To be clear, we had a Nix committer to help work through kinks. But once all
of your team members, local and remote, have lockstep dev environments
versioned with the code commits, several other classes of hair pulling go
away.

------
meesterdude
My advice, fwiw: make things more boring and less special. Reduce cleverness
and surprises where possible. (I realize this isn't always possible)

Automating on-boarding is possible, but it is usually better to have good docs
that breakout into different systems like OSX, windows, Debian/fedora and just
have good copy-paste from there. That allows for tweaks to be made more easily
when things go wrong, and to update for future devs.

If you really need to automate, write your own installers to do the work
inserting code, installing dependencies, etc and expand to support different
systems where necessary. This can be as simple as a github repo that you
pulldown and run an installer for, that automatically hooks in to the shell
and provides an easy path for updates.

------
jorisd
If managing shell scripts becomes too unwieldy, you could use Puppet or
Ansible to provision your local machine, just like you would when you'd use
these tools to provision a new server instance elsewhere. This works great
when you combine it with a Virtual Machine managed through Vagrant. The guest
OS is then managed completely via Vagrant and Ansible/Puppet, and the only
host OS software you then need is a working Vagrant environment, which can
often be installed completely through the OS's package management system.

------
twunde
For laptop setup at a company you should be using some sort of MDM software.
It's essentially configuration management, but with the understanding that
this is for users who will want to change things.
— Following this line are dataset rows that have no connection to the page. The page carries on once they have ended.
(* Let $(G,k)$ be an instance of \textsc{Bicolored $P_3$ Deletion} and let $u,v,w,z_1,z_2$ be vertices such that $G[\{u,v,w,z_1,z_2\}]$ is a CC-Hourglass (with the vertex labels as in the definition). Then $(G,k)$ is a yes-instance if and only if at least one of $(G-\{v,w\},k-1)$, $(G-\{\{u,v\},\{v,z_1\}\},k-2)$, $(G-\{\{u,v\},\{u,z_1\},\{v,z_2\}\},k-3)$ is a yes-instance.
   Context: A two-colored graph $G=(V,E_r,E_b)$ is a finite simple undirected graph whose edge set $E=E_r\uplus E_b$ is partitioned into red and blue edges; $G-F$ removes the edges in $F$ (and $G-\{v,w\}$ removes the single edge $\{v,w\}$). A bicolored $P_3$ is an induced subgraph on three vertices $a,b,c$ with edges $\{a,b\},\{b,c\}$ of different colors and $\{a,c\}\notin E$. A CC-Hourglass on $u,v,w,z_1,z_2$ is an induced subgraph whose edges are exactly $\{u,v\}$ blue, $\{v,w\}$ red, $\{u,z_1\}$ blue, $\{v,z_1\}$ red, $\{v,z_2\}$ blue, $\{w,z_2\}$ red, or the same with the two colors swapped. \textsc{Bicolored $P_3$ Deletion}: given $G$ and an integer $k$, decide whether some $S\subseteq E$ with $|S|\le k$ makes $G-S$ free of induced bicolored $P_3$s (no-instance if $k<0$). *)

theory Defs
  imports Main
begin

definition two_colored_graph :: "'a set \<Rightarrow> 'a set set \<Rightarrow> 'a set set \<Rightarrow> bool" where
  "two_colored_graph V Er Eb \<longleftrightarrow> finite V \<and> Er \<inter> Eb = {} \<and>
     (\<forall>e \<in> Er \<union> Eb. \<exists>x y. x \<in> V \<and> y \<in> V \<and> x \<noteq> y \<and> e = {x, y})"

definition bicolored_P3 :: "'a set \<Rightarrow> 'a set set \<Rightarrow> 'a set set \<Rightarrow> 'a \<Rightarrow> 'a \<Rightarrow> 'a \<Rightarrow> bool" where
  "bicolored_P3 V Er Eb a b c \<longleftrightarrow> a \<in> V \<and> b \<in> V \<and> c \<in> V \<and>
     a \<noteq> b \<and> b \<noteq> c \<and> a \<noteq> c \<and>
     (({a, b} \<in> Er \<and> {b, c} \<in> Eb) \<or> ({a, b} \<in> Eb \<and> {b, c} \<in> Er)) \<and>
     {a, c} \<notin> Er \<union> Eb"

definition P3_free :: "'a set \<Rightarrow> 'a set set \<Rightarrow> 'a set set \<Rightarrow> bool" where
  "P3_free V Er Eb \<longleftrightarrow> \<not> (\<exists>a b c. bicolored_P3 V Er Eb a b c)"

definition yes_instance :: "'a set \<Rightarrow> 'a set set \<Rightarrow> 'a set set \<Rightarrow> int \<Rightarrow> bool" where
  "yes_instance V Er Eb k \<longleftrightarrow> k \<ge> 0 \<and>
     (\<exists>S. S \<subseteq> Er \<union> Eb \<and> int (card S) \<le> k \<and> P3_free V (Er - S) (Eb - S))"

definition hourglass_pattern ::
  "'a set set \<Rightarrow> 'a set set \<Rightarrow> 'a \<Rightarrow> 'a \<Rightarrow> 'a \<Rightarrow> 'a \<Rightarrow> 'a \<Rightarrow> bool" where
  "hourglass_pattern R B u v w z1 z2 \<longleftrightarrow>
     {u, v} \<in> B \<and> {v, w} \<in> R \<and> {u, z1} \<in> B \<and> {v, z1} \<in> R \<and>
     {v, z2} \<in> B \<and> {w, z2} \<in> R \<and>
     {u, w} \<notin> R \<union> B \<and> {u, z2} \<notin> R \<union> B \<and> {w, z1} \<notin> R \<union> B \<and> {z1, z2} \<notin> R \<union> B"

definition cc_hourglass ::
  "'a set \<Rightarrow> 'a set set \<Rightarrow> 'a set set \<Rightarrow> 'a \<Rightarrow> 'a \<Rightarrow> 'a \<Rightarrow> 'a \<Rightarrow> 'a \<Rightarrow> bool" where
  "cc_hourglass V Er Eb u v w z1 z2 \<longleftrightarrow>
     {u, v, w, z1, z2} \<subseteq> V \<and> distinct [u, v, w, z1, z2] \<and>
     (hourglass_pattern Er Eb u v w z1 z2 \<or> hourglass_pattern Eb Er u v w z1 z2)"

end

theory Submission
  imports Defs
begin

text \<open>A solution must destroy the bicolored P3s u-v-w and z1-v-z2 of the hourglass, and a P3
  is destroyed only by deleting one of its two edges. If the solution keeps vw, it deletes uv;
  then u-z1-v becomes a bicolored P3, so it also deletes vz1, or else it deletes uz1 together
  with vz2 (forced by z1-v-z2). Hence every solution contains one of the three edge sets, and
  conversely deleting such a set and solving the remainder solves the original instance.\<close>

lemma two_colored_graph_finite_edges:
  assumes "two_colored_graph V Er Eb"
  shows "finite (Er \<union> Eb)"
proof (rule finite_subset)
  show "Er \<union> Eb \<subseteq> Pow V"
  proof
    fix e
    assume "e \<in> Er \<union> Eb"
    then obtain x y where "x \<in> V" "y \<in> V" "e = {x, y}"
      using assms unfolding two_colored_graph_def by meson
    then show "e \<in> Pow V"
      by simp
  qed
  show "finite (Pow V)"
    using assms unfolding two_colored_graph_def by simp
qed

lemma bicolored_P3_delete_edges:
  assumes "bicolored_P3 V Er Eb a b c" "{a, b} \<notin> S" "{b, c} \<notin> S"
  shows "bicolored_P3 V (Er - S) (Eb - S) a b c"
  using assms unfolding bicolored_P3_def by blast

lemma P3_free_delete_edges_hits_P3:
  assumes "P3_free V (Er - S) (Eb - S)" "bicolored_P3 V (Er - T) (Eb - T) a b c" "T \<subseteq> S"
  shows "{a, b} \<in> S \<or> {b, c} \<in> S"
proof (rule ccontr)
  assume "\<not> ?thesis"
  then have "bicolored_P3 V (Er - T - S) (Eb - T - S) a b c"
    using assms(2) by (simp add: bicolored_P3_delete_edges)
  moreover have "Er - T - S = Er - S" "Eb - T - S = Eb - S"
    using assms(3) by auto
  ultimately show False
    using assms(1) unfolding P3_free_def by metis
qed

lemma yes_instance_from_delete_edges:
  assumes "D \<subseteq> Er \<union> Eb" "yes_instance V (Er - D) (Eb - D) (k - int (card D))"
  shows "yes_instance V Er Eb k"
proof -
  obtain S where S: "S \<subseteq> (Er - D) \<union> (Eb - D)" "int (card S) \<le> k - int (card D)"
      "P3_free V (Er - D - S) (Eb - D - S)"
    and "k - int (card D) \<ge> 0"
    using assms(2) unfolding yes_instance_def by blast
  moreover have "card (S \<union> D) \<le> card S + card D"
    by (rule card_Un_le)
  moreover have "Er - (S \<union> D) = Er - D - S" "Eb - (S \<union> D) = Eb - D - S"
    by auto
  ultimately show ?thesis
    unfolding yes_instance_def using assms(1) by (intro conjI exI[of _ "S \<union> D"]) auto
qed

lemma yes_instance_delete_subset_of_solution:
  assumes "finite S" "D \<subseteq> S" "S \<subseteq> Er \<union> Eb" "int (card S) \<le> k"
    "P3_free V (Er - S) (Eb - S)"
  shows "yes_instance V (Er - D) (Eb - D) (k - int (card D))"
proof -
  have "card (S - D) = card S - card D" "card D \<le> card S"
    using assms(1,2) by (simp_all add: card_Diff_subset finite_subset card_mono)
  moreover have "Er - D - (S - D) = Er - S" "Eb - D - (S - D) = Eb - S"
    using assms(2) by auto
  ultimately show ?thesis
    unfolding yes_instance_def using assms by (intro conjI exI[of _ "S - D"]) auto
qed

lemma yes_instance_branching:
  assumes "finite (Er \<union> Eb)" "\<forall>D \<in> \<D>. D \<subseteq> Er \<union> Eb"
    and "\<And>S. S \<subseteq> Er \<union> Eb \<Longrightarrow> P3_free V (Er - S) (Eb - S) \<Longrightarrow> \<exists>D \<in> \<D>. D \<subseteq> S"
  shows "yes_instance V Er Eb k \<longleftrightarrow>
           (\<exists>D \<in> \<D>. yes_instance V (Er - D) (Eb - D) (k - int (card D)))"
proof
  assume "yes_instance V Er Eb k"
  then obtain S where S: "S \<subseteq> Er \<union> Eb" "int (card S) \<le> k" "P3_free V (Er - S) (Eb - S)"
    unfolding yes_instance_def by blast
  obtain D where D: "D \<in> \<D>" "D \<subseteq> S"
    using assms(3)[OF S(1,3)] by blast
  have "finite S"
    using S(1) assms(1) by (rule finite_subset)
  from yes_instance_delete_subset_of_solution[OF this D(2) S] D(1)
  show "\<exists>D \<in> \<D>. yes_instance V (Er - D) (Eb - D) (k - int (card D))"
    by blast
next
  assume "\<exists>D \<in> \<D>. yes_instance V (Er - D) (Eb - D) (k - int (card D))"
  then obtain D where "D \<in> \<D>" "yes_instance V (Er - D) (Eb - D) (k - int (card D))"
    by blast
  with assms(2) show "yes_instance V Er Eb k"
    by (blast intro: yes_instance_from_delete_edges)
qed

lemma bicolored_P3_swap_colours:
  "bicolored_P3 V B R a b c \<longleftrightarrow> bicolored_P3 V R B a b c"
  unfolding bicolored_P3_def by blast

lemma hourglass_pattern_bicolored_P3s:
  assumes "hourglass_pattern R B u v w z1 z2" "{u, v, w, z1, z2} \<subseteq> V"
    "distinct [u, v, w, z1, z2]"
  shows "bicolored_P3 V R B u v w" "bicolored_P3 V R B z1 v z2"
    "bicolored_P3 V (R - {{u, v}}) (B - {{u, v}}) u z1 v"
proof -
  have "{z1, v} = {v, z1}"
    by (rule insert_commute)
  moreover have "{u, z1} \<noteq> {u, v}" "{v, z1} \<noteq> {u, v}"
    using assms(3) by (auto simp: doubleton_eq_iff)
  ultimately show "bicolored_P3 V R B u v w" "bicolored_P3 V R B z1 v z2"
    "bicolored_P3 V (R - {{u, v}}) (B - {{u, v}}) u z1 v"
    using assms unfolding hourglass_pattern_def bicolored_P3_def by auto
qed

lemma cc_hourglass_bicolored_P3s:
  assumes "cc_hourglass V Er Eb u v w z1 z2"
  shows "bicolored_P3 V Er Eb u v w" "bicolored_P3 V Er Eb z1 v z2"
    "bicolored_P3 V (Er - {{u, v}}) (Eb - {{u, v}}) u z1 v"
  using assms hourglass_pattern_bicolored_P3s bicolored_P3_swap_colours
  unfolding cc_hourglass_def by metis+

lemma cc_hourglass_solution_cases:
  assumes "cc_hourglass V Er Eb u v w z1 z2" "P3_free V (Er - S) (Eb - S)"
  shows "{v, w} \<in> S \<or> {{u, v}, {v, z1}} \<subseteq> S \<or> {{u, v}, {u, z1}, {v, z2}} \<subseteq> S"
proof -
  note P3s = cc_hourglass_bicolored_P3s[OF assms(1)]
  have "{u, v} \<in> S \<or> {v, w} \<in> S" "{z1, v} \<in> S \<or> {v, z2} \<in> S"
    using P3_free_delete_edges_hits_P3[OF assms(2) _ empty_subsetI] P3s(1,2) by simp_all
  moreover have "{u, z1} \<in> S \<or> {z1, v} \<in> S" if "{u, v} \<in> S"
    using P3_free_delete_edges_hits_P3[OF assms(2) P3s(3)] that by simp
  moreover have "{z1, v} = {v, z1}"
    by (rule insert_commute)
  ultimately show ?thesis
    by auto
qed

theorem lemma7:
  fixes V :: "'a set" and Er Eb :: "'a set set" and k :: int
    and u v w z1 z2 :: 'a
  assumes "two_colored_graph V Er Eb"
    and "cc_hourglass V Er Eb u v w z1 z2"
  shows "yes_instance V Er Eb k \<longleftrightarrow>
           (yes_instance V (Er - {{v, w}}) (Eb - {{v, w}}) (k - 1) \<or>
            yes_instance V (Er - {{u, v}, {v, z1}}) (Eb - {{u, v}, {v, z1}}) (k - 2) \<or>
            yes_instance V (Er - {{u, v}, {u, z1}, {v, z2}}) (Eb - {{u, v}, {u, z1}, {v, z2}}) (k - 3))"
proof -
  let ?\<D> = "{{{v, w}}, {{u, v}, {v, z1}}, {{u, v}, {u, z1}, {v, z2}}}"
  have "distinct [u, v, w, z1, z2]"
    using assms(2) unfolding cc_hourglass_def by blast
  then have "card {{u, v}, {v, z1}} = 2" "card {{u, v}, {u, z1}, {v, z2}} = 3"
    by (auto simp: doubleton_eq_iff)
  moreover have "\<forall>D \<in> ?\<D>. D \<subseteq> Er \<union> Eb"
    using assms(2) unfolding cc_hourglass_def hourglass_pattern_def by auto
  moreover have "\<exists>D \<in> ?\<D>. D \<subseteq> S" if "P3_free V (Er - S) (Eb - S)" for S
    using cc_hourglass_solution_cases[OF assms(2) that] by auto
  ultimately show ?thesis
    using yes_instance_branching[OF two_colored_graph_finite_edges[OF assms(1)], of ?\<D> V k]
    by simp
qed

end
lemma cyl_overlap_same_length_eq:
  assumes "\<mu> \<in> Paths" "\<nu> \<in> Paths" "gp_len \<mu> = gp_len \<nu>" "x \<in> Z \<mu>" "x \<in> Z \<nu>"
  shows "\<mu> = \<nu>"
proof -
  obtain u es where \<mu>: "\<mu> = FinP u es" using assms(1) by (rule PathsE)
  obtain w fs where \<nu>: "\<nu> = FinP w fs" using assms(2) by (rule PathsE)
  obtain y where y: "x = gp_cat \<mu> y" "gp_src src y = gp_rng rng \<mu>"
    using assms(4) by (auto simp: cyl_def)
  obtain y' where y': "x = gp_cat \<nu> y'" "gp_src src y' = gp_rng rng \<nu>"
    using assms(5) by (auto simp: cyl_def)
  have "u = w"
    using gp_src_gp_cat[OF assms(1) y(2)[symmetric]] gp_src_gp_cat[OF assms(2) y'(2)[symmetric]]
      y(1) y'(1) \<mu> \<nu> by simp
  moreover have "es = fs"
  proof (rule nth_equalityI)
    show "length es = length fs" using assms(3) \<mu> \<nu> by simp
    show "es ! i = fs ! i" if "i < length es" for i
      using gp_edge_gp_cat[of i es u y] gp_edge_gp_cat[of i fs w y'] that y(1) y'(1) \<mu> \<nu>
        \<open>length es = length fs\<close> by simp
  qed
  ultimately show ?thesis using \<mu> \<nu> by simp
qed

lemma openin_cyl:
  assumes "\<mu> \<in> Paths"
  shows "openin (unit_topology V Ed src rng) (Z \<mu>)"
proof -
  have "Z \<mu> \<in> cyl_basis V Ed src rng"
    using assms unfolding cyl_basis_def by force
  then show ?thesis unfolding unit_topology_def by (rule topology_generated_by_Basis)
qed

definition inf_prefix :: "(nat \<Rightarrow> 'e) \<Rightarrow> nat \<Rightarrow> ('v,'e) gpath" where
  "inf_prefix f n = FinP (src (f 0)) (map f [0..<n])"

lemma inf_prefix_in_Paths:
  assumes "is_graph V Ed src rng" "InfP f \<in> InfPaths"
  shows "inf_prefix f n \<in> Paths"
  using assms by (auto simp: InfP_in_InfPaths_iff FinP_in_Paths_iff inf_prefix_def is_graph_def
      successively_map hd_map successively_conv_nth)

lemma gp_rng_inf_prefix:
  assumes "InfP f \<in> InfPaths"
  shows "gp_rng rng (inf_prefix f n) = src (f n)"
  using assms by (cases n) (auto simp: inf_prefix_def InfP_in_InfPaths_iff)

lemma gp_src_inf_prefix [simp]: "gp_src src (inf_prefix f n) = src (f 0)"
  by (simp add: inf_prefix_def)

lemma InfP_shift_in_InfPaths:
  "InfP f \<in> InfPaths \<Longrightarrow> InfP (\<lambda>i. f (i + n)) \<in> InfPaths"
  by (simp add: InfP_in_InfPaths_iff)

lemma InfP_eq_gp_cat_inf_prefix: "InfP f = gp_cat (inf_prefix f n) (InfP (\<lambda>i. f (i + n)))"
  by (auto simp: inf_prefix_def fun_eq_iff)

lemma inf_prefix_add:
  "inf_prefix f (n + k) = gp_cat (inf_prefix f n) (inf_prefix (\<lambda>i. f (i + n)) k)"
  by (simp add: inf_prefix_def) (rule nth_equalityI; auto simp: nth_append)

lemma InfP_in_cyl_inf_prefix:
  assumes "InfP f \<in> InfPaths"
  shows "InfP f \<in> Z (inf_prefix f n)"
  using InfP_eq_gp_cat_inf_prefix[of f n] InfP_shift_in_InfPaths[OF assms, of n] gp_rng_inf_prefix[OF assms]
  unfolding cyl_def bpaths_def by auto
If you're an all Mac shop,
take a look at Jamf or at Fleetsmith. If you've got a mix, there are some
products like Airwatch that support Windows and Mac. These tools allow you to
set up applications and configurations. I generally run a white-listed "app"
store where users can download apps, scripts and new configurations. Or
alternatively you can force install anything you really need.

I'll also second using Docker or virtual machines if possible. It makes the
setup and continued support _much_ easier.

------
corporateslaver
Just write a bash script

------
stephenr
Vagrant mostly.

We build a custom vagrant box with dependencies pre-installed, and then run
setup on top of that.

Admittedly we don’t have many “tools” like you mentioned - just a couple of
shell scripts in the git repo itself.

If you need to install host OS level software I’d just write some shell
scripts to automate the steps.

------
nannooo
You could create an image with everything preinstalled. Just install it and
you have a lot of stuff ready right away.

For things they have todo / resources they should look through, you could use
ChiefOnboarding.com (Full Disclosure: I have built this)

------
arnvald
Have you tried Boxen?[1]

It allows you to automate installing libraries and running scripts by writing
Puppet manifests.

[1] [https://github.com/boxen/our-boxen](https://github.com/boxen/our-boxen)

------
simon_acca
Have you considered writing packages for whatever package manager your OS
uses?